> _Activity_: Count the lines below that contain the word "ultimately" and give only the number.

Dataset excerpts:
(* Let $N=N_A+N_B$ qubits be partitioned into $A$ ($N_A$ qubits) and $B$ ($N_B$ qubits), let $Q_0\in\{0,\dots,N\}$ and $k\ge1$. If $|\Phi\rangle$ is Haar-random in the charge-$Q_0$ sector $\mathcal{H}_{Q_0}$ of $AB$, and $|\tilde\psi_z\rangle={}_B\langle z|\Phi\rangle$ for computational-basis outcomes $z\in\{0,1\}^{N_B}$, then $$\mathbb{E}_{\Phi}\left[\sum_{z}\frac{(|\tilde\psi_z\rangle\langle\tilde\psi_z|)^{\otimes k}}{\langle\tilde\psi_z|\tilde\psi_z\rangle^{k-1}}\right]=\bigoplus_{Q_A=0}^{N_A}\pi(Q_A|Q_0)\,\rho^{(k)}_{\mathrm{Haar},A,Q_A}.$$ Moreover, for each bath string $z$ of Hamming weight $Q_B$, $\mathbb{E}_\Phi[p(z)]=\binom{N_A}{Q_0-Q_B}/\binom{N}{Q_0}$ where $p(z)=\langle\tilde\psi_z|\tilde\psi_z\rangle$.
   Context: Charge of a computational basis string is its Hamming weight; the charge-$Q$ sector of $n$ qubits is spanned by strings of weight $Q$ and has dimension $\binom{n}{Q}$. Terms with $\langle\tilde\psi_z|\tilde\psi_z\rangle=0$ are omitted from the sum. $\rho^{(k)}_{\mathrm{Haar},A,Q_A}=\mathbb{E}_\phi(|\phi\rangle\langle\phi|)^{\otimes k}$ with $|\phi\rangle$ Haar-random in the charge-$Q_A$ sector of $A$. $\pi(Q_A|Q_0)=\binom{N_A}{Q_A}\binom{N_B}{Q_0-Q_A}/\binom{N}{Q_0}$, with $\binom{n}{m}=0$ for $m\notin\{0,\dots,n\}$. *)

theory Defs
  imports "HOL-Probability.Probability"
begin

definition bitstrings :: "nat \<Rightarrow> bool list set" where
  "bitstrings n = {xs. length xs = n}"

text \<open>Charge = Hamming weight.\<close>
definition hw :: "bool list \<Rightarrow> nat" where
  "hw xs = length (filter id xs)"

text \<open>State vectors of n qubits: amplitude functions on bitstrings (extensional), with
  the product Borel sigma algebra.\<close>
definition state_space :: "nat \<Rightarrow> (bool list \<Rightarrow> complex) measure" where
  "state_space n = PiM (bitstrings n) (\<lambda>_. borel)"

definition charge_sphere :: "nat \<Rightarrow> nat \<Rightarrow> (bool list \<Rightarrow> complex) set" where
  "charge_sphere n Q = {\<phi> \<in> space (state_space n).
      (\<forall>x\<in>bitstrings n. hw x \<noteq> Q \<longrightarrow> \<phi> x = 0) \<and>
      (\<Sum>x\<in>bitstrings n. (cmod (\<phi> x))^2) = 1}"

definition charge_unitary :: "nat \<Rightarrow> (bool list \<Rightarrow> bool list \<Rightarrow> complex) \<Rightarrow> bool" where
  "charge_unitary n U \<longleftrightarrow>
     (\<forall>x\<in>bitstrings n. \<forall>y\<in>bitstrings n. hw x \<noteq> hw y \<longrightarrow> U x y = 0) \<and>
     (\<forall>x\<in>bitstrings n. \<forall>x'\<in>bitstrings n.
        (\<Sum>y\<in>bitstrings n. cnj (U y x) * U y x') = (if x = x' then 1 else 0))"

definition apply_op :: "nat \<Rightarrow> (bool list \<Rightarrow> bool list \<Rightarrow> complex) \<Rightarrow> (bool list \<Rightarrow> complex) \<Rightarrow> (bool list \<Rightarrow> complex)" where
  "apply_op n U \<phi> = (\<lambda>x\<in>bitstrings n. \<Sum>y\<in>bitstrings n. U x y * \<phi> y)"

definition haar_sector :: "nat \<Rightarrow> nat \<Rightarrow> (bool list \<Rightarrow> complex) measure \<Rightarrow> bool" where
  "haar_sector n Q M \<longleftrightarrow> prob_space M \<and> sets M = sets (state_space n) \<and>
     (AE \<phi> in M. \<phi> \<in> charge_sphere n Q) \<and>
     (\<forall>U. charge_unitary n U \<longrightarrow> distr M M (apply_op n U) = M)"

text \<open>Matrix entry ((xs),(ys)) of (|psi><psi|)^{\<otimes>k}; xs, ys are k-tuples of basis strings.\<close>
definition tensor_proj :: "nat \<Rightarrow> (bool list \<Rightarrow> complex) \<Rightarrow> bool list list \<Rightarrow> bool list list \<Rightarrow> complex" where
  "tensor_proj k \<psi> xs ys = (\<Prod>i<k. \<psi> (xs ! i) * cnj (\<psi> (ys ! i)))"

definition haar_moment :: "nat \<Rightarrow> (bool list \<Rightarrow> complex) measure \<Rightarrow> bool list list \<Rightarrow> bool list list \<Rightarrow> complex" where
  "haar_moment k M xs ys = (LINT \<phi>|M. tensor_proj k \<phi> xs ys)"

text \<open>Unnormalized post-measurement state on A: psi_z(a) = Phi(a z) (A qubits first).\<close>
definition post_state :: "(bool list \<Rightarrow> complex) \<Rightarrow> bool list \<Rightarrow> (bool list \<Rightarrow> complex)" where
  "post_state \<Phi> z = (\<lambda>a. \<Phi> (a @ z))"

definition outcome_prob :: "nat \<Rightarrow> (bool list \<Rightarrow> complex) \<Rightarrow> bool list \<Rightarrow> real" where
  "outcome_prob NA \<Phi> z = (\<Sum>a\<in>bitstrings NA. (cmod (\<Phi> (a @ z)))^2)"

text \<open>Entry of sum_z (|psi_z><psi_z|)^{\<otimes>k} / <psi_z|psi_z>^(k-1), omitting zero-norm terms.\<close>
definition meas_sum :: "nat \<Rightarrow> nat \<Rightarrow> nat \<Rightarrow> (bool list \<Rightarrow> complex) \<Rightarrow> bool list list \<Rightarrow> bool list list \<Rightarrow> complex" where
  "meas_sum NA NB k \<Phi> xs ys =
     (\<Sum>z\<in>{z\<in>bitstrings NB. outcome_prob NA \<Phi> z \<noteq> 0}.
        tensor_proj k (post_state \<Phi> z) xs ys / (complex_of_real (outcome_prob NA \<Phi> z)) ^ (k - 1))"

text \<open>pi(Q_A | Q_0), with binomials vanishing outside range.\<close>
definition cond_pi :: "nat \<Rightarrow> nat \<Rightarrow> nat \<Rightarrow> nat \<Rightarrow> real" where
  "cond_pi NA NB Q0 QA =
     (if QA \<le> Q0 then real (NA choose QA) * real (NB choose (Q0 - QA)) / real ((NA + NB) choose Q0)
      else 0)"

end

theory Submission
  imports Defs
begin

---

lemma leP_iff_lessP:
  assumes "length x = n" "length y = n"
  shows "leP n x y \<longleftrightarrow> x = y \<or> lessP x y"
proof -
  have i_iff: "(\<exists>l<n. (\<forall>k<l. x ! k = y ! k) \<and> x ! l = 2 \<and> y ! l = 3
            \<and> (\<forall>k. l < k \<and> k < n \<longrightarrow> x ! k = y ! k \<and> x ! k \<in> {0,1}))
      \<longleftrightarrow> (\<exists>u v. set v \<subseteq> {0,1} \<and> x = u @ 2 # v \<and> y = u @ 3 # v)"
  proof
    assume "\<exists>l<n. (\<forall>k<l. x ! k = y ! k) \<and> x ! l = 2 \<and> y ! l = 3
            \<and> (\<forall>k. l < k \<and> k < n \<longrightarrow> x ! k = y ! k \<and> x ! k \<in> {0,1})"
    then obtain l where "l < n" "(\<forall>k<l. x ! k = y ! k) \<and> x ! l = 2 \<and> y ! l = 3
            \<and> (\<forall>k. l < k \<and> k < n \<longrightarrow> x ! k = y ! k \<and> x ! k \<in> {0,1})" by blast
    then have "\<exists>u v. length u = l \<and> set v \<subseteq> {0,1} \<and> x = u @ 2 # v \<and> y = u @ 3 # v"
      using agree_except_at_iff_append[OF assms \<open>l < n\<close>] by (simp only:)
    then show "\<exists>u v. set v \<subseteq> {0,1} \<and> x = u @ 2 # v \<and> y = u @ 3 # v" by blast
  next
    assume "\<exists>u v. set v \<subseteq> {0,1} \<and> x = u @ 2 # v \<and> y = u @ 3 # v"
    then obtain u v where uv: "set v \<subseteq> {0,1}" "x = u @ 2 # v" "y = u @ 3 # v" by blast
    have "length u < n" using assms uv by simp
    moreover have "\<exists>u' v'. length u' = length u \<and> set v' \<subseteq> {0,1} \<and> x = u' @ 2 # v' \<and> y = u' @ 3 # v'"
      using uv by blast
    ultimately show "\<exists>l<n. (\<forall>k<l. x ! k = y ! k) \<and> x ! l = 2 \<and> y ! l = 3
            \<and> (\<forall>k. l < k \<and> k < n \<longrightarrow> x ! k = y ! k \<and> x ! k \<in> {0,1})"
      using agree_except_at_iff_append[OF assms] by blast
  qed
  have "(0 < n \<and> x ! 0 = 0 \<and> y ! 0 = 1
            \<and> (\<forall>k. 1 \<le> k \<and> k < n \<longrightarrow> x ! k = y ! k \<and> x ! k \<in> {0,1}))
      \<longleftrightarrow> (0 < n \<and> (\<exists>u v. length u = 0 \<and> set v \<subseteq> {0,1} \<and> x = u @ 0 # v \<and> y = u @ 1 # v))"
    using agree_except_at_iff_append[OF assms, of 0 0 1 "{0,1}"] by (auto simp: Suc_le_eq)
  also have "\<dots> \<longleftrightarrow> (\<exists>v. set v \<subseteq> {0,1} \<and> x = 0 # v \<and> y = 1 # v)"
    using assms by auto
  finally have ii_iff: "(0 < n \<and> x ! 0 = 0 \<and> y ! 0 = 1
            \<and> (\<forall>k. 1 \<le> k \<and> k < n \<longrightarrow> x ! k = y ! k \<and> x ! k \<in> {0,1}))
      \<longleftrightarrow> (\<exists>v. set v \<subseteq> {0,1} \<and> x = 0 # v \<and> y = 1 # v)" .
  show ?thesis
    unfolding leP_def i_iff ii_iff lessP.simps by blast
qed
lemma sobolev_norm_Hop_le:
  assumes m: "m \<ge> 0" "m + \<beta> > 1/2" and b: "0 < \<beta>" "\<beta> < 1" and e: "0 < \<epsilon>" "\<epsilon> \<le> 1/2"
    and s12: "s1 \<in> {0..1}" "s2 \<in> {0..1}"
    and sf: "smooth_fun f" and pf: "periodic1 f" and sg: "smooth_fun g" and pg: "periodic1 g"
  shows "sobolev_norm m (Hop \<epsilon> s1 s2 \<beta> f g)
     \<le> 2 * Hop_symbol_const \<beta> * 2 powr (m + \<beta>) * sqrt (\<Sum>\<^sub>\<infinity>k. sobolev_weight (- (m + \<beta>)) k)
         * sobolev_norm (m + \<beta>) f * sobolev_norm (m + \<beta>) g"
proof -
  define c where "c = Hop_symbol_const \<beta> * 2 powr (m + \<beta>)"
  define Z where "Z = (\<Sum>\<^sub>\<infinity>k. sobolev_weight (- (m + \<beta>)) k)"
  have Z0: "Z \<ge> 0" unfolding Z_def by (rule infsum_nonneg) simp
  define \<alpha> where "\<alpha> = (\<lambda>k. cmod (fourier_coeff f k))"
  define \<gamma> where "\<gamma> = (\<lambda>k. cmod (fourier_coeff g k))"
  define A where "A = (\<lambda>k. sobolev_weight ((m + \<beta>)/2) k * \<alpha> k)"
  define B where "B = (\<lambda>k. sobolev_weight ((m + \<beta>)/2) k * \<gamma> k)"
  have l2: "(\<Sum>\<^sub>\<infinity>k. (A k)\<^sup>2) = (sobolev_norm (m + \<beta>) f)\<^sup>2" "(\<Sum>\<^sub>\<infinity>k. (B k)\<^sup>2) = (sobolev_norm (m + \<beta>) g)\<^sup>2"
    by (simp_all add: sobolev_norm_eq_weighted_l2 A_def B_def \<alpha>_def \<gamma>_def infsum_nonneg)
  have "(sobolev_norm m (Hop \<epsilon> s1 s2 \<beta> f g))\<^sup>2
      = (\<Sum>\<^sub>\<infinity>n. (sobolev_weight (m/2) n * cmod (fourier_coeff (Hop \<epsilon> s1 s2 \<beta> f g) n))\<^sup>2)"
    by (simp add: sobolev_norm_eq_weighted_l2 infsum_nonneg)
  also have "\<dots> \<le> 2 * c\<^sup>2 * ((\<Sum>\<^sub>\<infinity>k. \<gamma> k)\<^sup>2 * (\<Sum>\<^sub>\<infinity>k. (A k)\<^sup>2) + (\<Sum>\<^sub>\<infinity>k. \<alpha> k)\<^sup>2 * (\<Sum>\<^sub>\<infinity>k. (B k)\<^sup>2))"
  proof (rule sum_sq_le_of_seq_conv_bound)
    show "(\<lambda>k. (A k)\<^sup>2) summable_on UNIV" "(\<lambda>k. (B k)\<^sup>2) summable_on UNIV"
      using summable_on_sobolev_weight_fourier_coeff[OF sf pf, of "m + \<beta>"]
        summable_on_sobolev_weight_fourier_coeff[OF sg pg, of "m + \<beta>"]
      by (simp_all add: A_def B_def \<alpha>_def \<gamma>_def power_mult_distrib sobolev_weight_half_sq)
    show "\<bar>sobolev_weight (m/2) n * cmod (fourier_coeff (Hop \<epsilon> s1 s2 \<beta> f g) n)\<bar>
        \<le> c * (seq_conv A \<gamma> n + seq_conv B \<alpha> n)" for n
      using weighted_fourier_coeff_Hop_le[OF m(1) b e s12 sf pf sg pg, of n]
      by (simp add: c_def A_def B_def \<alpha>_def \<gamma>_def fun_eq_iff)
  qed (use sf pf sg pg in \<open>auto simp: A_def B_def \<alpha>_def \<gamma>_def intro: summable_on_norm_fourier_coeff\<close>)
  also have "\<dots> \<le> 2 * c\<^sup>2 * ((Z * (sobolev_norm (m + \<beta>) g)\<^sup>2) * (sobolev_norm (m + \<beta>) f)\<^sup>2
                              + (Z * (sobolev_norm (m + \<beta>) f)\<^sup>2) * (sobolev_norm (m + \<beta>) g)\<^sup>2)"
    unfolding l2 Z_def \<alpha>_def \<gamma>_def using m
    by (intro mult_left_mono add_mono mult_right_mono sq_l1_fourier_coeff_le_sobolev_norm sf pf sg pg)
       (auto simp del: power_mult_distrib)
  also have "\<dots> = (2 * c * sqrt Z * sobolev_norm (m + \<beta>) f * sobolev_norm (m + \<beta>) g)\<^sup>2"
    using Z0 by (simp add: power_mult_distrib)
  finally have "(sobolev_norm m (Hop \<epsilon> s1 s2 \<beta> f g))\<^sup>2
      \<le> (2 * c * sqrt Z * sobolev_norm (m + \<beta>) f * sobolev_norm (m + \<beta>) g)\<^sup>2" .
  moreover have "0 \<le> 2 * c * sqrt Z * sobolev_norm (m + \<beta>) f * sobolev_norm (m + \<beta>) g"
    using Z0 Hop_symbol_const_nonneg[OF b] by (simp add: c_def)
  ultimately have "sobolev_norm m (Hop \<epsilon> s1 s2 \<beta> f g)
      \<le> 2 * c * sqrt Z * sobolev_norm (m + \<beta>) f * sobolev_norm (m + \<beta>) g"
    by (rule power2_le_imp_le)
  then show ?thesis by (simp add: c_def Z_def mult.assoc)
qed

> _Completed task_: 2